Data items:

theorem mainTheorem2:
  fixes phi :: "nat \<Rightarrow> real" and n :: nat
  assumes "\<And>k. phi k \<ge> 0" and "phi 0 > 0" and "n \<ge> 1"
  shows "\<exists>f. bij_betw f {d. diamond_on {1..n} d} {t. bt_on {1..n} t}
            \<and> (\<forall>d. diamond_on {1..n} d \<longrightarrow> btweight phi (f d) = dweight phi d)
            \<and> (\<Sum>d\<in>{d. diamond_on {1..n} d}. dweight phi d)
                = (\<Sum>t\<in>{t. bt_on {1..n} t}. btweight phi t)"
proof (intro exI conjI)
  show bij: "bij_betw tree_of_diamond {d. diamond_on {1..n} d} {t. bt_on {1..n} t}"
    by (rule bij_betw_byWitness[where f' = diamond_of_tree])
       (auto simp: diamond_of_tree_of_diamond tree_of_diamond_of_tree bt_on_tree_of_diamond diamond_on_diamond_of_tree)
  show weight: "\<forall>d. diamond_on {1..n} d \<longrightarrow> btweight phi (tree_of_diamond d) = dweight phi d"
    by (auto simp: btweight_tree_of_diamond)
  have "(\<Sum>t\<in>{t. bt_on {1..n} t}. btweight phi t) = (\<Sum>d\<in>{d. diamond_on {1..n} d}. btweight phi (tree_of_diamond d))"
    by (rule sum.reindex_bij_betw[OF bij, symmetric])
  also have "\<dots> = (\<Sum>d\<in>{d. diamond_on {1..n} d}. dweight phi d)"
    using weight by (intro sum.cong) auto
  finally show "(\<Sum>d\<in>{d. diamond_on {1..n} d}. dweight phi d) = (\<Sum>t\<in>{t. bt_on {1..n} t}. btweight phi t)" ..
qed

end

YOUR ASSIGNMENT ->
Each line above that contains the word "intro" should be returned.

RESULT BELOW ->
proof (intro exI conjI)
    using weight by (intro sum.cong) auto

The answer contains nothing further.